*Aim of the task*:
Copy exactly the lines that run from the one containing "by (intro filterlim_compose[OF" through the end of the entries, both ends included.

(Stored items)
Content starts

text \<open>Differentiate the reflection formula \<open>\<Gamma>(z) \<Gamma>(1 - z) = \<pi> / sin (\<pi> z)\<close>.\<close>

lemma Digamma_reflection_complex:
  fixes z :: complex
  assumes z: "z \<notin> \<int>"
  shows "Digamma (1 - z) - Digamma z = of_real pi * cot (of_real pi * z)"
proof -
  have "1 - z \<notin> \<int>" using z Ints_diff[of 1 "1 - z"] by auto
  with z have poles: "z \<notin> \<int>\<^sub>\<le>\<^sub>0" "1 - z \<notin> \<int>\<^sub>\<le>\<^sub>0"
    using nonpos_Ints_subset_Ints by blast+
  have sin_nz: "sin (of_real pi * z) \<noteq> 0"
    using sin_pi_times_nonzero[OF z] .
  have "((\<lambda>w. Gamma w * Gamma (1 - w)) has_field_derivative
      Gamma z * Gamma (1 - z) * (Digamma z - Digamma (1 - z))) (at z)"
    using poles by (auto intro!: derivative_eq_intros simp: algebra_simps)
  moreover have "(\<lambda>w::complex. Gamma w * Gamma (1 - w)) = (\<lambda>w. of_real pi / sin (of_real pi * w))"
    by (intro ext Gamma_reflection_complex)
  moreover have "((\<lambda>w. of_real pi / sin (of_real pi * w)) has_field_derivative
      - (of_real pi * (cos (of_real pi * z) * of_real pi)) / (sin (of_real pi * z))\<^sup>2) (at z)"
    using sin_nz by (auto intro!: derivative_eq_intros simp: power2_eq_square)
  ultimately have "of_real pi / sin (of_real pi * z) * (Digamma z - Digamma (1 - z))
      = - (of_real pi * (cos (of_real pi * z) * of_real pi)) / (sin (of_real pi * z))\<^sup>2"
    using DERIV_unique Gamma_reflection_complex by metis
  then have "Digamma z - Digamma (1 - z)
      = - (of_real pi * (cos (of_real pi * z) * of_real pi)) / (sin (of_real pi * z))\<^sup>2
        / (of_real pi / sin (of_real pi * z))"
    using sin_nz by (subst eq_divide_eq) (auto simp: mult.commute)
  also have "\<dots> = - (of_real pi * cot (of_real pi * z))"
    using sin_nz by (simp add: cot_def field_simps power2_eq_square)
  finally show ?thesis by (simp add: algebra_simps)
qed

lemma beta_fun_sums_Digamma:
  fixes x :: complex
  assumes x: "x \<notin> \<int>\<^sub>\<le>\<^sub>0"
  shows "(\<lambda>k. (-1) ^ k / (of_nat k + x)) sums ((Digamma ((x + 1) / 2) - Digamma (x / 2)) / 2)"
proof (rule sums_if_paired_sums)
  \<comment> \<open>Two consecutive terms combine into the difference of the Digamma series at (x + 1)/2 and x/2.\<close>
  have nz: "of_nat k + x \<noteq> 0" for k
    using x plus_of_nat_eq_0_imp[of x k] by (auto simp: add.commute)
  have inverse_lim: "(\<lambda>k. inverse (of_nat k + x)) \<longlonglongrightarrow> 0"
    by (intro filterlim_compose[OF tendsto_inverse_0]
        tendsto_add_filterlim_at_infinity'[OF _ tendsto_const] tendsto_of_nat)
  show "(\<lambda>k. (-1) ^ k / (of_nat k + x)) \<longlonglongrightarrow> 0"
    by (intro Lim_null_comparison[OF _ tendsto_norm_zero[OF inverse_lim]])
       (simp add: divide_inverse norm_mult norm_power norm_inverse)
  have Digamma_sums: "(\<lambda>k. inverse (of_nat (Suc k)) - inverse (z + of_nat k)) sums (Digamma z + euler_mascheroni)"
    if "z \<noteq> 0" for z :: complex
    using summable_sums[OF summable_Digamma[OF that]] by (simp add: Digamma_def)
  have pair_eq: "(-1) ^ (2 * j) / (of_nat (2 * j) + x) + (-1) ^ (2 * j + 1) / (of_nat (2 * j + 1) + x)
      = ((inverse (of_nat (Suc j)) - inverse ((x + 1) / 2 + of_nat j))
         - (inverse (of_nat (Suc j)) - inverse (x / 2 + of_nat j))) / 2" for j
  proof -
    have inverses: "inverse ((x + 1) / 2 + of_nat j) = 2 / (of_nat (2 * j + 1) + x)"
      "inverse (x / 2 + of_nat j) = 2 / (of_nat (2 * j) + x)"
      by (simp_all add: field_simps)
    have "((A - 2 / v) - (A - 2 / u)) / 2 = 1 / u - 1 / v" for A u v :: complex
      by (simp add: field_simps)
    then show ?thesis
      unfolding inverses by simp
  qed
  have "x \<noteq> 0" "x + 1 \<noteq> 0" using x by (auto simp: add_eq_0_iff2)
  then have "(\<lambda>j. ((inverse (of_nat (Suc j)) - inverse ((x + 1) / 2 + of_nat j))
                  - (inverse (of_nat (Suc j)) - inverse (x / 2 + of_nat j))) / 2)
      sums (((Digamma ((x + 1) / 2) + euler_mascheroni) - (Digamma (x / 2) + euler_mascheroni)) / 2)"
    by (intro sums_divide sums_diff Digamma_sums) simp_all
  then show "(\<lambda>j. (-1) ^ (2 * j) / (of_nat (2 * j) + x) + (-1) ^ (2 * j + 1) / (of_nat (2 * j + 1) + x))
      sums ((Digamma ((x + 1) / 2) - Digamma (x / 2)) / 2)"
    unfolding pair_eq by simp
qed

Content ends

*Response*:
    by (intro filterlim_compose[OF tendsto_inverse_0]
        tendsto_add_filterlim_at_infinity'[OF _ tendsto_const] tendsto_of_nat)
  show "(\<lambda>k. (-1) ^ k / (of_nat k + x)) \<longlonglongrightarrow> 0"
    by (intro Lim_null_comparison[OF _ tendsto_norm_zero[OF inverse_lim]])
       (simp add: divide_inverse norm_mult norm_power norm_inverse)
  have Digamma_sums: "(\<lambda>k. inverse (of_nat (Suc k)) - inverse (z + of_nat k)) sums (Digamma z + euler_mascheroni)"
    if "z \<noteq> 0" for z :: complex
    using summable_sums[OF summable_Digamma[OF that]] by (simp add: Digamma_def)
  have pair_eq: "(-1) ^ (2 * j) / (of_nat (2 * j) + x) + (-1) ^ (2 * j + 1) / (of_nat (2 * j + 1) + x)
      = ((inverse (of_nat (Suc j)) - inverse ((x + 1) / 2 + of_nat j))
         - (inverse (of_nat (Suc j)) - inverse (x / 2 + of_nat j))) / 2" for j
  proof -
    have inverses: "inverse ((x + 1) / 2 + of_nat j) = 2 / (of_nat (2 * j + 1) + x)"
      "inverse (x / 2 + of_nat j) = 2 / (of_nat (2 * j) + x)"
      by (simp_all add: field_simps)
    have "((A - 2 / v) - (A - 2 / u)) / 2 = 1 / u - 1 / v" for A u v :: complex
      by (simp add: field_simps)
    then show ?thesis
      unfolding inverses by simp
  qed
  have "x \<noteq> 0" "x + 1 \<noteq> 0" using x by (auto simp: add_eq_0_iff2)
  then have "(\<lambda>j. ((inverse (of_nat (Suc j)) - inverse ((x + 1) / 2 + of_nat j))
                  - (inverse (of_nat (Suc j)) - inverse (x / 2 + of_nat j))) / 2)
      sums (((Digamma ((x + 1) / 2) + euler_mascheroni) - (Digamma (x / 2) + euler_mascheroni)) / 2)"
    by (intro sums_divide sums_diff Digamma_sums) simp_all
  then show "(\<lambda>j. (-1) ^ (2 * j) / (of_nat (2 * j) + x) + (-1) ^ (2 * j + 1) / (of_nat (2 * j + 1) + x))
      sums ((Digamma ((x + 1) / 2) - Digamma (x / 2)) / 2)"
    unfolding pair_eq by simp
qed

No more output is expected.